在所有可能的化合物中, it的估计1020到1060之间可能具有作为小分子药物的潜力。
Among all of the possible chemical compounds, it的 estimated that between 1020 and 1060 may hold potential as small-molecule drugs.
对于化学家来说,通过实验评估每种化合物都太耗时。因此,近年来,研究人员已经开始使用人工智能来帮助识别可以成为良好候选药物的化合物。
Evaluating each of those compounds experimentally would be far too time-consuming for chemists. So, in recent years, researchers have begun using artificial intelligence to help identify compounds that could make good drug candidates.
“It的 是一种非常通用的方法,可以应用于有机分子的任何应用,,但我们考虑的主要应用是小分子药物发现,” 他说。
“It的 a very general approach that could be applied to any application of organic molecules, but the primary application that we think about is small-molecule drug discovery,” he says.
人工智能与科学的交叉点
The intersection of AI and science
作为都柏林, 俄亥俄州, Coley 的一名高中生,他参加了科学奥林匹克竞赛,并于 16 岁时高中毕业。

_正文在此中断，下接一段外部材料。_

(* Let $n\ge 2$ and $k\ge 1$ be integers with $k<n$. Then the cubical set $$\bigcup_{i=1}^k\ \bigcup_{j\in[n],\ j\neq i}\big|[\{i\},[n]\setminus\{j\}]\big|\subseteq\mathbb R^n$$ is acyclic.
   Context: $[n]=\{1,\dots,n\}$, and for $A\subseteq B\subseteq[n]$, $[A,B]=\{C: A\subseteq C\subseteq B\}$. Its geometric realization $|[A,B]|$ is $I_1\times\dots\times I_n\subseteq\mathbb R^n$ with $I_m=\{1\}$ if $m\in A$, $I_m=[0,1]$ if $m\in B\setminus A$, $I_m=\{0\}$ if $m\notin B$. A cubical set (finite union of elementary cubes, i.e. products of intervals $[a,b]$ with $a,b\in\mathbb Z$, $b-a\in\{0,1\}$) $X$ is acyclic if it is non-empty and connected and its cubical homology groups $H_i(X)$ are trivial for all $i\ge1$. *)

theory Defs
  imports "HOL-Analysis.Analysis"
begin

text \<open>Points of R^n are functions nat => real vanishing
outside the coordinate set {1..n}. An elementary cube is given by its list of
intervals: coordinate m in {1..n} is the integer interval [fst (Q m), snd (Q m)]
of length 0 or 1; outside {1..n} we normalise to (0,0).\<close>

type_synonym cube = "nat \<Rightarrow> int \<times> int"
type_synonym point = "nat \<Rightarrow> real"

definition elementary_cube :: "nat \<Rightarrow> cube \<Rightarrow> bool" where
  "elementary_cube n Q \<longleftrightarrow>
     (\<forall>m\<in>{1..n}. snd (Q m) - fst (Q m) \<in> {0, 1}) \<and> (\<forall>m. m \<notin> {1..n} \<longrightarrow> Q m = (0, 0))"

definition realization :: "nat \<Rightarrow> cube \<Rightarrow> point set" where
  "realization n Q = {x. (\<forall>m\<in>{1..n}. real_of_int (fst (Q m)) \<le> x m \<and> x m \<le> real_of_int (snd (Q m)))
                        \<and> (\<forall>m. m \<notin> {1..n} \<longrightarrow> x m = 0)}"

definition nondeg :: "nat \<Rightarrow> cube \<Rightarrow> nat set" where
  "nondeg n Q = {m\<in>{1..n}. fst (Q m) \<noteq> snd (Q m)}"
text \<open>The left-hand side is the trace of f(alpha) alpha^(n-i) from Q(alpha) to Q.\<close>

lemma sum_conjugates_pure:
  fixes f :: "complex poly"
  assumes n: "n > 0" and f: "degree f < n" and i: "i < n"
  defines "\<zeta> \<equiv> prim_root_unity n"
  shows "(\<Sum>j<n. poly f (\<zeta> ^ j * \<alpha>) * (\<zeta> ^ j * \<alpha>) ^ (n - i)) = of_nat n * poly.coeff f i * \<alpha> ^ n"
proof -
  have "(\<Sum>j<n. poly f (\<zeta> ^ j * \<alpha>) * (\<zeta> ^ j * \<alpha>) ^ (n - i))
      = (\<Sum>j<n. \<Sum>k<n. poly.coeff f k * \<alpha> ^ (k + (n - i)) * (\<zeta> ^ (k + (n - i))) ^ j)"
  proof (intro sum.cong refl)
    fix j
    have "poly f (\<zeta> ^ j * \<alpha>) * (\<zeta> ^ j * \<alpha>) ^ (n - i)
        = (\<Sum>k<n. poly.coeff f k * (\<zeta> ^ j * \<alpha>) ^ (k + (n - i)))"
      by (simp add: poly_as_sum_lessThan[OF f] sum_distrib_right power_add mult.assoc)
    also have "\<dots> = (\<Sum>k<n. poly.coeff f k * \<alpha> ^ (k + (n - i)) * (\<zeta> ^ (k + (n - i))) ^ j)"
      by (intro sum.cong refl) (simp add: power_mult_distrib mult_ac flip: power_mult)
    finally show "poly f (\<zeta> ^ j * \<alpha>) * (\<zeta> ^ j * \<alpha>) ^ (n - i)
        = (\<Sum>k<n. poly.coeff f k * \<alpha> ^ (k + (n - i)) * (\<zeta> ^ (k + (n - i))) ^ j)" .
  qed
  also have "\<dots> = (\<Sum>k<n. poly.coeff f k * \<alpha> ^ (k + (n - i)) * (\<Sum>j<n. (\<zeta> ^ (k + (n - i))) ^ j))"
    by (subst sum.swap) (simp add: sum_distrib_left)
  also have "\<dots> = (\<Sum>k<n. if k = i then of_nat n * poly.coeff f i * \<alpha> ^ n else 0)"
    using i n by (intro sum.cong) (auto simp: \<zeta>_def sum_prim_root_unity_powers dvd_add_diff_iff_eq)
  also have "\<dots> = of_nat n * poly.coeff f i * \<alpha> ^ n" using i by simp
  finally show ?thesis .
qed
lemma attracting_pair_hyperbolic:
  assumes det: "a*d - b*c = 1" and tr: "3 \<le> a + d"
  shows "\<exists>A B. attracting_pair (mob a b c d) (mob d (-b) (-c) a) A B"
proof -
  obtain a' b' c' d' where conj: "gl2_conj (a, b, c, d) (a', b', c', d')"
    and det': "a'*d' - b'*c' = 1" and pos: "1 \<le> a'" "1 \<le> b'" "1 \<le> c'" "1 \<le> d'"
    using gl2_conj_positive[OF det tr] by blast
  obtain e f g h where H: "\<bar>e*h - f*g\<bar> = 1"
    "mat_mult (a, b, c, d) (e, f, g, h) = mat_mult (e, f, g, h) (a', b', c', d')"
    using conj unfolding gl2_conj_def by (metis mat_det.simps prod_cases4)
  have comm: "mob a b c d (mob e f g h y) = mob e f g h (mob a' b' c' d' y)" for y
    using H(2) by (simp add: mob_mob)
  have "\<bar>a*d - b*c\<bar> = 1"
    using det by simp
  then show ?thesis
    using attracting_pair_conj[OF attracting_pair_positive[OF pos det'] farey_aut_mob farey_aut_mob[OF H(1)] comm]
    by blast
qed

theorem mainTheorem7:
  fixes a b c d :: int
  assumes "a * d - b * c = 1"
    and "\<bar>a + d\<bar> > 2"
  shows "\<exists>Up Um :: nat \<Rightarrow> (int \<times> int) set.
           (\<forall>n. connected_B (Up n)) \<and> (\<forall>n. connected_B (Um n)) \<and>
           vanishing_seq (mob a b c d) Up \<and>
           vanishing_seq (mob d (-b) (-c) a) Um \<and>
           Up 0 \<inter> Um 0 = {}"
proof -
  have "\<exists>A B. attracting_pair (mob a b c d) (mob d (-b) (-c) a) A B"
  proof (cases "3 \<le> a + d")
    case True
    with assms(1) show ?thesis
      by (rule attracting_pair_hyperbolic)
  next
    case False
    then have "3 \<le> (-a) + (-d)" "(-a) * (-d) - (-b) * (-c) = 1"
      using assms by linarith+
    then show ?thesis
      using attracting_pair_hyperbolic[of "-a" "-d" "-b" "-c"] mob_uminus[of a b c d]
        mob_uminus[of d "-b" "-c" a]
      by simp
  qed
  then show ?thesis
    using attracting_pair_vanishing_seqs by blast
qed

随后,他前往加州理工学院,,在那里他选择了化学工程作为专业,因为它提供了一种将他对科学和数学的兴趣结合起来的方法。
As a high school student in Dublin, Ohio, Coley participated in Science Olympiad competitions and graduated from high school at the age of 16. He then headed to Caltech, where he chose chemical engineering as a major because it offered a way to combine his interests in science and math.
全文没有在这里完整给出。